If when installing osdataproc the wheel fail to be built, try updating wheel and setuptools packages.

pip install wheel -U # 0.43.0 version
pip install setuptools -U # 71.1.0 version

Managing a cluster

Create a cluster

For naming your clusters and volumes, we recommend prefixing with your username, similarly for your volumes (nfs-volume). Example: gz3-hail

You will be prompted for a password, this password is used for accessing Jupyter and Spark master node. Since you may have to swap clusters or allow other people to access this password needs to be something you are happy to share with others.

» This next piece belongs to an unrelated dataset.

(* Let $g:\mathbb{R}^N\to\mathbb{R}\cup\{+\infty\}$ be proper and lower semi-continuous, let $f:\mathbb{R}^N\to\mathbb{R}$ be continuously differentiable such that, for some $\mathbf{L}\in\mathbb{S}_{++}(N)$, the gradient of $f\circ\mathbf{L}^{-1/2}$ is $1$-Lipschitz continuous, and assume $f^g:=f+g$ is bounded from below. Fix $a>0$, $x_0\in\mathbb{R}^N$, and a sequence of matrices $\mathbf{D}_k\in\mathbb{R}^{N\times R}$. For $k\ge0$ and $\boldsymbol\beta\in\mathbb{R}^R$ let $y^{(\boldsymbol\beta)}_k:=x_k+\mathbf{D}_k\boldsymbol\beta$ and $\ell(x;y):=g(x)+f(y)+\langle\nabla f(y),x-y\rangle$. Suppose the sequences $(x_k)_{k}$, $(\boldsymbol\beta_k)_k$, and symmetric matrices $(\mathbf{L}_k)_k$, $(\mathbf{T}_k)_k$ satisfy for all $k\ge0$: $$(x_{k+1},\boldsymbol\beta_k)\in\operatorname*{argmin}_{x\in\mathbb{R}^N}\min_{\boldsymbol\beta\in\mathbb{R}^R}\ \ell(x;y_k^{(\boldsymbol\beta)})+\tfrac12\|x-y_k^{(\boldsymbol\beta)}\|_{\mathbf{T}_k}^2,$$ $\mathbf{T}_k-\mathbf{L}_k-a\mathbf{I}\in\mathbb{S}_+(N)$, and $$f(x_{k+1})\le f(y_k^{(\boldsymbol\beta_k)})+\langle\nabla f(y_k^{(\boldsymbol\beta_k)}),x_{k+1}-y_k^{(\boldsymbol\beta_k)}\rangle+\tfrac12\|x_{k+1}-y_k^{(\boldsymbol\beta_k)}\|_{\mathbf{L}_k}^2.$$ Suppose $(\mathbf{T}_k)_{k\in\mathbb{N}}$ is bounded. Then the sequence $(f^g(x_k))_{k\in\mathbb{N}}$ is non-increasing and every limit point of $(x_{k+1})_{k\in\mathbb{N}}$ is a stationary point of $f^g$.
   Context: $\mathbb{S}_{+}(N)$ (resp. $\mathbb{S}_{++}(N)$) denotes the set of symmetric positive semi-definite (resp. positive definite) $N\times N$ real matrices; $\mathbf{I}$ is the identity; $\|x\|_{\mathbf{V}}^2:=\langle x,\mathbf{V}x\rangle$. The Fréchet subdifferential $\hat\partial h(\bar x)$ of $h:\mathbb{R}^N\to\mathbb{R}\cup\{+\infty\}$ at $\bar x\in\operatorname{dom}h$ is the set of $v$ with $\liminf_{x\to\bar x,x\ne\bar x}\frac{h(x)-h(\bar x)-\langle v,x-\bar x\rangle}{\|x-\bar x\|}\ge0$; the limiting subdifferential $\partial h(\bar x)$ is the set of $v$ for which there exist $x_k\to\bar x$ with $h(x_k)\to h(\bar x)$ and $v_k\in\hat\partial h(x_k)$ with $v_k\to v$ (both empty outside $\operatorname{dom}h$). A stationary point of $h$ is a point $\bar x\in\operatorname{dom} h$ with $0\in\partial h(\bar x)$. *)

theory Defs
  imports "HOL-Analysis.Analysis"
begin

Example: To create a cluster using 50 m2.medium workers and create a new volume called gz3-hail run the following script:

eval `ssh-agent -s` \
ssh-add path/to/public/key

osdataproc create [--num-workers]    <Number of desired worker nodes>
                  [--public-key]     <Path to public key file>
                  [--flavour]        <OpenStack flavour to use>
                  [--network-name]   <OpenStack network to use>
                  [--lustre-network] <OpenStack Lustre provider network to use>
                  [--image-name]     <OpenStack image to use - Ubuntu images only>
                  [--nfs-volume]     <Name/ID of volume to attach or create as NFS shared volume>
                  [--volume-size]    <Size of OpenStack volume to create>
                  [--device-name]    <Device mountpoint name of volume>
                  [--floating-ip]    <OpenStack floating IP to associate to master node - will automatically create one if not specified>
                  <cluster_name>

Wait until Terraform completes cluster creation. The creation of clusters can take some time and needs your laptop to be connected to the network.

Important

The IP address of your new cluster will be printed to STDOUT. Save it somewhere.

When the cluster completion finishes, inspect the log. There should be no failed tasks:

Destructing and re-creating cluster

There are many reasons, why the cluster creation can fail. In most cases, it's easier to delete and re-create the cluster.

To delete cluster, run the following command:

osdataproc destroy "${cluster_name}"

To re-create cluster, run the same command without specifying --volume-size. The new cluster will use existing volume. In most cases, volumes are created correctly, so you don't need to delete and re-create it.

Running Hail tasks on the cluster

Log into your new cluster using the IP address created when your new cluster was created. For example:

ssh ubuntu@<public_ip>

Installing additional software

The WES-QC code requires Python GnomaAD package. To install it, run the following:

sudo apt install postgresql python3.9-dev libpq-dev
pip install gnomad

Check cluster status

To check the cluster status use the SPARK web interface: <http://<public_ip>/spark/>

Submit Hail scripts

Hail scripts are submitted to worker nodes using spark as follows:

export PYSPARK_DRIVER_PYTHON=/home/ubuntu/venv/bin/python
spark-submit /path/to/hail_script.py

Alternatively, you can activate environment and use spark commands directly

source /home/ubuntu/venv/bin/activate
spark-submit /path/to/hail_script.py

It is highly advisable to open tmux or screen session before submitting spark jobs.

Access Jupyter

Jupyter can be accessed via a web browser as follows (using the IP address created when you created your new cluster): <https://<public_ip>/jupyter/lab>

You will be prompted for a password that you used to create the cluster.

Warning

All Hail tasks (both command-line and interactive via Jupyter) occupy all working nodes. You can't run Jupyter notebook and command-lite script simultaneously.

To kill a Jupyter job, shut down all Jupyter kernels, or kill the Hail process via Spark master web interface.